Pera Müzesi’nde sanatseverlerin beğenisine sunulan “Yeni Bir Hikaye: Göbeklitepe ve Çevresinden Fotoğraflar” sergisi İspanyol fotoğrafçı Isabel Munoz’un Göbeklitepe ve çevresindeki arkeolojik alanlarda çektiği karelerden oluşuyor.
Pera Müzesi’ndeki sergi açılışına katılan Suna ve İnan Kıraç Vakfı Kültür ve Sanat İşletmesi Genel Müdürü M. Özalp Birol, Munoz’un çok çalışkan bir sanatçı olduğunu belirterek, “Isabel’e proje teklifini sunarken bu işin sıradan bir fotoğrafçılık şeklinde yapılmasını istemedik. Bu yüzden Göbeklitepe çevresini fotoğraflamasını istedik.” dedi.
Isabel Munoz da Türkiye’den arkeologlarla ilk defa çalışma fırsatı bulduğunu söyleyerek, “Bir fotoğrafçı olarak doğal bir merakım ve yeni şeyler keşfetmeye karşı ilgim var. Fotoğraf makinem olmadan önce bile geçmişte insanların nasıl yaşadığını ve hissettiğini anlamaya çalışıyordum. Göbeklitepe’de bana hitap eden manevi bir unsur buldum.” ifadesini kullandı.
Projeyi yaparken diğer fotoğrafçılar gibi bölge yaşayanlarla röportaj yapma, insanları kamera karşısına geçirme gibi bir yöntem kullanmak istemediğine dikkati çeken Munoz, “Burası tarihte ritüellerin yapıldığı ve mistik olayların yaşandığı bir bölge olduğu için fotoğrafları gece çekmek istedim. Oradaki duyguları fotoğraflar üzerinden insanlara iletmeyi tercih ettim.” değerlendirmesinde bulundu.
Munoz, bölgede arkeolojik kazılar sonucu ortaya çıkarılan bulgular ve tarihi yapılardan çok etkilendiğini dile getirerek, “Göbeklitepe ve Karahantepe’yi fotoğrafladığımda, onları yaşayan varlıklar olarak gördüm. Altlarında insan figürleri bulunan hayvan figürleri de bu yaşam hissine katkıda bulundu. Bana göre oradaki taşlar bile canlıydı.” diye konuştu.
“Munoz’un fotoğraflarının masalsı ve mistik bir dili var”

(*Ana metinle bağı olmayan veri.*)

lemma bounded_derivatives_comp_flow:
  fixes \<Psi> g F K M :: "real \<Rightarrow> real"
  assumes \<Psi>: "\<And>x. \<Psi> x \<in> S" "\<And>x. (\<Psi> has_real_derivative g (\<Psi> x)) (at x)"
    and g_nz: "\<forall>y\<in>S. g y \<noteq> 0"
    and F: "\<And>y. y \<in> S \<Longrightarrow> (F has_real_derivative K y / g y) (at y)"
    and K: "\<And>y. y \<in> S \<Longrightarrow> (K has_real_derivative M y / g y) (at y)"
    and M: "\<And>y. y \<in> S \<Longrightarrow> isCont M y"
    and bounded: "bounded (F ` S)" "bounded (K ` S)" "bounded (M ` S)"
  shows "\<And>x. ((\<lambda>x. F (\<Psi> x)) has_real_derivative K (\<Psi> x)) (at x)"
    and "\<And>x. ((\<lambda>x. K (\<Psi> x)) has_real_derivative M (\<Psi> x)) (at x)"
    and "continuous_on UNIV (\<lambda>x. M (\<Psi> x))"
    and "bounded (range (\<lambda>x. F (\<Psi> x)))" "bounded (range (\<lambda>x. K (\<Psi> x)))"
      "bounded (range (\<lambda>x. M (\<Psi> x)))"
proof -
  have "g (\<Psi> x) \<noteq> 0" for x using g_nz \<Psi>(1) by blast
  then show "((\<lambda>x. F (\<Psi> x)) has_real_derivative K (\<Psi> x)) (at x)"
    "((\<lambda>x. K (\<Psi> x)) has_real_derivative M (\<Psi> x)) (at x)" for x
    using has_real_derivative_comp_flow[where \<Psi>=\<Psi> and g=g and K=K, OF F[OF \<Psi>(1)] \<Psi>(2)]
      has_real_derivative_comp_flow[where \<Psi>=\<Psi> and g=g and K=M, OF K[OF \<Psi>(1)] \<Psi>(2)]
    by blast+
  have "isCont (\<lambda>x. M (\<Psi> x)) x" for x
    using isCont_o2[OF DERIV_isCont[OF \<Psi>(2)] M[OF \<Psi>(1)]] .
  then show "continuous_on UNIV (\<lambda>x. M (\<Psi> x))"
    by (simp add: continuous_at_imp_continuous_on)
  have "range (\<lambda>x. h (\<Psi> x)) \<subseteq> h ` S" for h :: "real \<Rightarrow> real"
    using \<Psi>(1) by auto
  then show "bounded (range (\<lambda>x. F (\<Psi> x)))" "bounded (range (\<lambda>x. K (\<Psi> x)))"
    "bounded (range (\<lambda>x. M (\<Psi> x)))"
    using bounded bounded_subset by blast+
qed
text \<open>An execution of AG with faulty set F: correct processes (not in F) run the
  state machine above (their state is computed from the trace), faulty processes are
  unconstrained.\<close>
definition ag_execution :: "('p \<Rightarrow> 'p set set) \<Rightarrow> ('p \<Rightarrow> 'p set set) \<Rightarrow> 'p set \<Rightarrow> (nat \<Rightarrow> ('p, 'v) event) \<Rightarrow> bool" where
  "ag_execution FP QS F ev \<longleftrightarrow>
     \<comment> \<open>each correct process invokes ag-propose exactly once\<close>
     (\<forall>p. p \<notin> F \<longrightarrow> (\<exists>!t. \<exists>x. ev t = Propose p x)) \<and>
     \<comment> \<open>reliable links between correct processes\<close>
     (\<forall>p q m t. p \<notin> F \<longrightarrow> q \<notin> F \<longrightarrow> sends QS ev p q m t \<longrightarrow> (\<exists>t'>t. ev t' = Receive q p m)) \<and>
     \<comment> \<open>authenticated links: a message received from a correct process was sent by it\<close>
     (\<forall>p q m t. p \<notin> F \<longrightarrow> q \<notin> F \<longrightarrow> ev t = Receive q p m \<longrightarrow> (\<exists>t'<t. sends QS ev p q m t')) \<and>
     \<comment> \<open>fairness: an enabled local action of a correct process is eventually executed\<close>
     (\<forall>p a t. p \<notin> F \<longrightarrow> enabled QS p a (lst QS ev p t) \<longrightarrow> (\<exists>t'\<ge>t. ev t' = Act p a)) \<and>
     \<comment> \<open>asymmetric reliable broadcast: validity\<close>
     (\<forall>j x t. j \<notin> F \<longrightarrow> ev t = Propose j x \<longrightarrow>
        (\<forall>i\<in>Gmax FP QS F. \<exists>t'. ev t' = ArbDeliver i j x)) \<and>
     \<comment> \<open>consistency\<close>
     (\<forall>i k j x y t t'. i \<in> Gmax FP QS F \<longrightarrow> k \<in> Gmax FP QS F \<longrightarrow>
        ev t = ArbDeliver i j x \<longrightarrow> ev t' = ArbDeliver k j y \<longrightarrow> x = y) \<and>
     \<comment> \<open>totality\<close>
     (\<forall>i j x t. i \<in> Gmax FP QS F \<longrightarrow> ev t = ArbDeliver i j x \<longrightarrow>
        (\<forall>k\<in>Gmax FP QS F. \<exists>t' y. ev t' = ArbDeliver k j y)) \<and>
     \<comment> \<open>integrity: at most one delivery per sender at a correct process\<close>
     (\<forall>i j x y t t'. i \<notin> F \<longrightarrow> ev t = ArbDeliver i j x \<longrightarrow> ev t' = ArbDeliver i j y \<longrightarrow> t = t') \<and>
     \<comment> \<open>integrity: from a correct sender only a message it arb-broadcast\<close>
     (\<forall>i j x t. i \<notin> F \<longrightarrow> j \<notin> F \<longrightarrow> ev t = ArbDeliver i j x \<longrightarrow> (\<exists>t'. ev t' = Propose j x))"

end

theory Submission
  imports Defs
begin

text \<open>Split on whether some member j of the maximal guild ever sets sentT, i.e. executes
  rule (8). If it does, j has received Confirm from a quorum Q_j; the faulty set F lies in the
  fail-prone closures of j and of every guild member i, so quorum consistency makes Q_j - F a
  kernel for i, and these correct processes sent Confirm to everybody: i echoes Confirm by
  rule (7). If no guild member ever sets sentT, none ever withholds an Ack. Validity of
  arb-broadcast fills the S-set of each guild member i on a guild quorum, so i sends DistributeS;
  by totality and consistency every guild member eventually holds all of it and acknowledges;
  hence i collects Acks, then every guild member collects Readys from a guild quorum and sends
  Confirm by rule (6). Either way each guild member receives Confirm from a quorum inside the
  guild and executes rule (8).\<close>

lemma fired_effect [simp]:
  "fired (effect a s) = (case a of Guard g \<Rightarrow> insert g (fired s) | _ \<Rightarrow> fired s)"
  by (cases "(a, s)" rule: effect.cases) auto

Sergi küratörü ve Mougins Fotoğraf Merkezi Direktörü François Cheval de Munoz’un teklifini duyduğunda çok heyecanlandığını aktararak, Kovid-19 salgınının ardından böyle bir projede çalışman çok heyecan verici olduğunu kaydetti.
Munoz’un fotoğraflarının masalsı ve mistik bir dili olduğuna vurgu yapan Cheval, “Onun fotoğrafları davetli olduğumuz bir şenlik ve bizi uzak atalarımıza bağlayan toplu bir kutlamadır.” dedi.
Pera Müzesi Süreli Sergiler Yöneticisi Begüm Akkoyunlu Ersöz ise sergideki eserlere ilişkin detaylı bilgi vererek, sanatçının kadim yöntemlerle yeni teknikleri bir arada kullandığını söyledi.
Ersöz, Munoz’un kadim zamanlarda kullanılan yöntemlerden ilhamla geliştirdiği “Tepetype” isimli tekniği ilk defa kullandığına dikkati çekerek, “Munoz, bazı fotoğrafların baskısını, bölgedeki toprakları kullanarak yaptı. Aynı zamanda altın varaklı baskılar da yaparak Türk hat sanatlarına göndermede bulundu.” diye konuştu.
Sergi 17 Eylül’e kadar sürecek
Şanlıurfa’daki antik kent Göbeklitepe ve Karahantepe’de çekilen fotoğrafların yer aldığı sergide, bazı fotoğraflar animasyonla hareketlendirilmiş olarak sunuluyor. Kullanılan özel ışıklandırma tekniği ise fotoğraflara mistik bir hava katıyor.
Özel ışıklandırma tekniğinin fotoğraflara mistik bir hava kattığı sergide Munoz’un çalışmaları İspanya Ulusal Fotoğrafçılık Ödülü ve Hasselblad Vakfı Uluslararası Fotoğrafçılık Ödülü gibi pek çok ödüle layık görülen, Venedik Bienali ve New York Uluslararası Fotoğraf Merkezi gibi önemli kurumların sergilerinde yer alan Isabel Munoz, ilk kez 1992’de İstanbul’da açılan sergisiyle Türkiye’de sanatseverlerle buluşmuştu.
Munoz’un eserleri 17 Eylül’e kadar görülebilecek.